# Quality button in Android YouTube app is missing



## J99

I can't change the quality of any video. When I click on the 3 dots at the top the options show subtitles only, there is no quality button. 
The quality is set very high and I have a very slow wifi so videos never load.
I tried clearing the cache, uninstall then installing the app again, made sure it's the latest version, even downloaded an old version to see if it will work. But still same problem.
My phone is Innjoo fire plus 3G
Help?


----------



## reticentAJ

Can you play a video on the YouTube app, select the 3 dots, and then provide a screenshot? I see 4 different options on my phone. You're telling me you are only see one, which seems odd. 

What Android operating system are you running?


----------



## J99

I have never seen 4 options. It's usually the report option only and sometimes the captions option shows up

My Android is 4.4.2


----------



## reticentAJ

I have quality, captions, report, and cardboard. 

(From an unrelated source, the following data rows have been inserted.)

lemma positive_definite_form_decreases_near:
  fixes f J :: "'a::euclidean_space \<Rightarrow> 'a" and B :: "'a \<Rightarrow> 'a \<Rightarrow> real"
  assumes "f S = 0" and deriv: "(f has_derivative J) (at S)"
    and B: "positive_definite_form B" and "0 < c" and J_decrease: "\<And>h. B h (J h) \<le> - c * B h h"
  obtains \<rho> where "0 < \<rho>"
    "\<And>u. u \<in> ball S \<rho> \<Longrightarrow> 2 * B (u - S) (f u) \<le> - c * B (u - S) (u - S)"
proof -
  interpret B: bounded_bilinear B using B by (simp add: positive_definite_form_def)
  obtain m where "0 < m" and B_lower: "\<And>h. m * (norm h)\<^sup>2 \<le> B h h"
    using positive_definite_form_lower_bound[OF B] by blast
  obtain K where "0 < K" and B_upper: "\<And>a b. norm (B a b) \<le> norm a * norm b * K"
    using B.pos_bounded by blast
  define \<eta> where "\<eta> = c * m / (2 * K)"
  have "0 < \<eta>" using \<open>0 < c\<close> \<open>0 < m\<close> \<open>0 < K\<close> by (simp add: \<eta>_def)
  then obtain \<rho> where "0 < \<rho>"
    and remainder: "\<And>y. norm (y - S) < \<rho> \<Longrightarrow> norm (f y - f S - J (y - S)) \<le> \<eta> * norm (y - S)"
    using deriv[unfolded has_derivative_at_alt] by blast
  have "2 * B (u - S) (f u) \<le> - c * B (u - S) (u - S)" if "u \<in> ball S \<rho>" for u
  proof -
    define h where "h = u - S"
    define R where "R = f u - J h"
    have "norm R \<le> \<eta> * norm h"
      using remainder[of u] that \<open>f S = 0\<close> by (simp add: R_def h_def dist_norm norm_minus_commute)
    have "2 * B h R \<le> 2 * (norm h * norm R * K)"
      using B_upper[of h R] by simp
    also have "\<dots> \<le> 2 * (norm h * (\<eta> * norm h) * K)"
      using \<open>norm R \<le> \<eta> * norm h\<close> \<open>0 < K\<close> by (simp add: mult_left_mono mult_right_mono)
    also have "\<dots> = c * (m * (norm h)\<^sup>2)"
      using \<open>0 < K\<close> by (simp add: \<eta>_def power2_eq_square)
    also have "\<dots> \<le> c * B h h"
      using B_lower \<open>0 < c\<close> by (simp add: mult_left_mono)
    finally have "2 * B h R \<le> c * B h h" .
    moreover have "B h (f u) = B h (J h) + B h R"
      by (simp add: R_def B.diff_right)
    ultimately show ?thesis
      using J_decrease[of h] by (simp add: h_def)
  qed
  with \<open>0 < \<rho>\<close> show thesis by (rule that)
qed

lemma lipschitz_on_closest_point_extension:
  fixes f :: "'a::euclidean_space \<Rightarrow> 'b::metric_space"
  assumes "L-lipschitz_on (cball S r) f" "0 \<le> r"
  shows "L-lipschitz_on UNIV (\<lambda>u. f (closest_point (cball S r) u))"
proof -
  have "1-lipschitz_on UNIV (closest_point (cball S r))"
    using closest_point_lipschitz[of "cball S r"] assms(2) by (intro lipschitz_onI) auto
  moreover have "closest_point (cball S r) ` UNIV \<subseteq> cball S r"
    using closest_point_in_set[of "cball S r"] assms(2) by auto
  ultimately show ?thesis
    using lipschitz_on_compose2[of 1 UNIV "closest_point (cball S r)" L f]
      lipschitz_on_subset[OF assms(1)] by simp
qed

theorem locally_asymptotically_stable_linearization:
  fixes f J :: "'a::euclidean_space \<Rightarrow> 'a" and B :: "'a \<Rightarrow> 'a \<Rightarrow> real"
  assumes "f S = 0" and "(f has_derivative J) (at S)"
    and B: "positive_definite_form B" and "0 < c" and "\<And>h. B h (J h) \<le> - c * B h h"
    and "0 < r" and lipschitz: "L-lipschitz_on (cball S r) f"
  shows "locally_asymptotically_stable f S"
proof -
  have bilinear: "bounded_bilinear B" and symmetric: "\<And>u v. B u v = B v u"
    using B by (simp_all add: positive_definite_form_def)
  obtain m where "0 < m" and lower: "\<And>h. m * (norm h)\<^sup>2 \<le> B h h"
    using positive_definite_form_lower_bound[OF B] by blast
  obtain K where "0 < K" and upper: "\<And>a b. norm (B a b) \<le> norm a * norm b * K"
    using bounded_bilinear.pos_bounded[OF bilinear] by blast
  obtain \<rho> where "0 < \<rho>"
    and decrease: "\<And>u. u \<in> ball S \<rho> \<Longrightarrow> 2 * B (u - S) (f u) \<le> - c * B (u - S) (u - S)"
    using positive_definite_form_decreases_near[OF assms(1-5)] by blast
  define g where "g u = f (closest_point (cball S r) u)" for u
  have g_lipschitz: "L-lipschitz_on UNIV g"
    unfolding g_def using lipschitz \<open>0 < r\<close> by (intro lipschitz_on_closest_point_extension) auto
  have g_eq: "g u = f u" if "u \<in> ball S (min r \<rho>)" for u
    using that by (simp add: g_def closest_point_self)
  have V_lower: "m * (dist u S)\<^sup>2 \<le> B (u - S) (u - S)" for u
    using lower[of "u - S"] by (simp add: dist_norm)
  have V_upper: "B (u - S) (u - S) \<le> K * (dist u S)\<^sup>2" for u
    using upper[of "u - S" "u - S"] by (simp add: dist_norm power2_eq_square mult_ac)
  have "2 * B (u - S) (f u) \<le> - c * B (u - S) (u - S)" if "u \<in> ball S (min r \<rho>)" for u
    using decrease that by simp
  from Lyapunov_locally_asymptotically_stable[where r = "min r \<rho>", OF \<open>0 < m\<close> \<open>0 < K\<close> V_lower V_upper
      centered_quadratic_form_has_derivative[OF bilinear symmetric] \<open>f S = 0\<close> \<open>0 < c\<close> _ this
      g_lipschitz g_eq]
  show ?thesis
    using \<open>0 < r\<close> \<open>0 < \<rho>\<close> by simp
qed

section \<open>Routh-Hurwitz conditions for quartics\<close>

(* Routh-Hurwitz conditions for the polynomial x^4 + a1 x^3 + a2 x^2 + a3 x + a4. *)
definition hurwitz4 :: "real \<Rightarrow> real \<Rightarrow> real \<Rightarrow> real \<Rightarrow> bool" where
  "hurwitz4 a1 a2 a3 a4 \<longleftrightarrow>
     0 < a1 \<and> 0 < a1 * a2 - a3 \<and> 0 < a4 \<and> 0 < a3 * (a1 * a2 - a3) - a1\<^sup>2 * a4"

lemma hurwitz4I:
  assumes "0 < a1" "0 < a3" "0 < a4" "0 < a1 * a2 * a3 - a1\<^sup>2 * a4 - a3\<^sup>2"
  shows "hurwitz4 a1 a2 a3 a4"
proof -
  have "a3 * (a1 * a2 - a3) = (a1 * a2 * a3 - a1\<^sup>2 * a4 - a3\<^sup>2) + a1\<^sup>2 * a4"
    by (simp add: algebra_simps power2_eq_square)
  then have "0 < a3 * (a1 * a2 - a3)"
    using assms by (smt (verit) mult_pos_pos zero_less_power)
  then show ?thesis
    using assms by (auto simp: hurwitz4_def zero_less_mult_iff algebra_simps power2_eq_square)
qed

definition companion4 :: "real \<Rightarrow> real \<Rightarrow> real \<Rightarrow> real \<Rightarrow> state4 \<Rightarrow> state4" where
  "companion4 a1 a2 a3 a4 =
     (\<lambda>(z1, z2, z3, z4). (z2, z3, z4, - (a4 * z1 + a3 * z2 + a2 * z3 + a1 * z4)))"

(*
  In the coordinates w = (z1, z2, z3 + s4 z1, z4 + (s3 + s4) z2) the companion system with
  a1 = s1, a2 = s2 + s3 + s4, a3 = s1 (s3 + s4), a4 = s2 s4 takes Schwarz's canonical form
  w1' = w2, w2' = w3 - s4 w1, w3' = w4 - s3 w2, w4' = - s1 w4 - s2 w3, for which
  s2 s3 s4 w1^2 + s2 s3 w2^2 + s2 w3^2 + w4^2 is a Lyapunov function.
*)
definition schwarz_form :: "real \<Rightarrow> real \<Rightarrow> real \<Rightarrow> state4 \<Rightarrow> state4 \<Rightarrow> real" where
  "schwarz_form s2 s3 s4 = (\<lambda>(z1, z2, z3, z4) (y1, y2, y3, y4).
     s2 * s3 * s4 * z1 * y1 + s2 * s3 * z2 * y2 + s2 * (z3 + s4 * z1) * (y3 + s4 * y1)
     + (z4 + (s3 + s4) * z2) * (y4 + (s3 + s4) * y2))"

lemma hurwitz4_schwarz_parameters:
  assumes "hurwitz4 a1 a2 a3 a4"
  obtains s2 s3 s4 where "0 < s2" "0 < s3" "0 < s4"
    "a2 = s2 + s3 + s4" "a3 = a1 * (s3 + s4)" "a4 = s2 * s4"
proof -
  have a1: "0 < a1" and D2: "0 < a1 * a2 - a3" and a4: "0 < a4"
    and D3: "0 < a3 * (a1 * a2 - a3) - a1\<^sup>2 * a4"
    using assms by (auto simp: hurwitz4_def)
  define s2 where "s2 = (a1 * a2 - a3) / a1"
  have s2: "0 < s2" using a1 D2 by (simp add: s2_def)
  have "a3 / a1 - a4 / s2 = (a3 * (a1 * a2 - a3) - a1\<^sup>2 * a4) / (a1 * (a1 * a2 - a3))"
    using a1 D2 by (simp add: s2_def field_simps power2_eq_square)
  then have s3: "0 < a3 / a1 - a4 / s2" using a1 D2 D3 by simp
  have s4: "0 < a4 / s2" using s2 a4 by simp
  have "a2 = s2 + (a3 / a1 - a4 / s2) + a4 / s2"
    using a1 by (simp add: s2_def diff_divide_distrib)
  moreover have "a3 = a1 * (a3 / a1 - a4 / s2 + a4 / s2)" "a4 = s2 * (a4 / s2)"
    using a1 s2 by simp_all
  ultimately show thesis by (rule that[OF s2 s3 s4])
qed

lemma schwarz_form_companion:
  "schwarz_form s2 s3 s4 z (companion4 s1 (s2 + s3 + s4) (s1 * (s3 + s4)) (s2 * s4) z)
     = - s1 * (snd (snd (snd z)) + (s3 + s4) * fst (snd z))\<^sup>2"
  by (cases z) (simp add: schwarz_form_def companion4_def algebra_simps power2_eq_square)

lemma schwarz_form_commute: "schwarz_form s2 s3 s4 z y = schwarz_form s2 s3 s4 y z"
  by (cases z; cases y) (simp add: schwarz_form_def algebra_simps)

If you open YouTube in a browser (not using the app), do you have the same issue?


----------



## J99

No, there is a quality button in browser


----------



## reticentAJ

Can you try the following:
1. In the YouTube app, select the 3 dots in the right hand corner
2. Select *Settings*
3. Is *Play HD on Wi-Fi only* enabled or disabled? Does switching that help?

If the above doesn't help, I've posted on YouTube's forum to hopefully receive some help. You could always try restoring the device to factory settings. I'm sure that will resolve the issue, but seems like overkill. Additionally, it would remove all apps, settings, and data on the phone, which you would need to back up first and then reconfigure.


----------



## J99

I tried this before. Doesn't work.
I will restore factory settings if I don't have any other options maybe. 
But thank you anyway!


----------



## reticentAJ

You can try a factory restore, but it doesn't sound like it is going to work. HERE is the thread if you want to take a look.

I'm told that the quality option has been removed, which seems strange since it hasn't been removed from the iOS YouTube app.


----------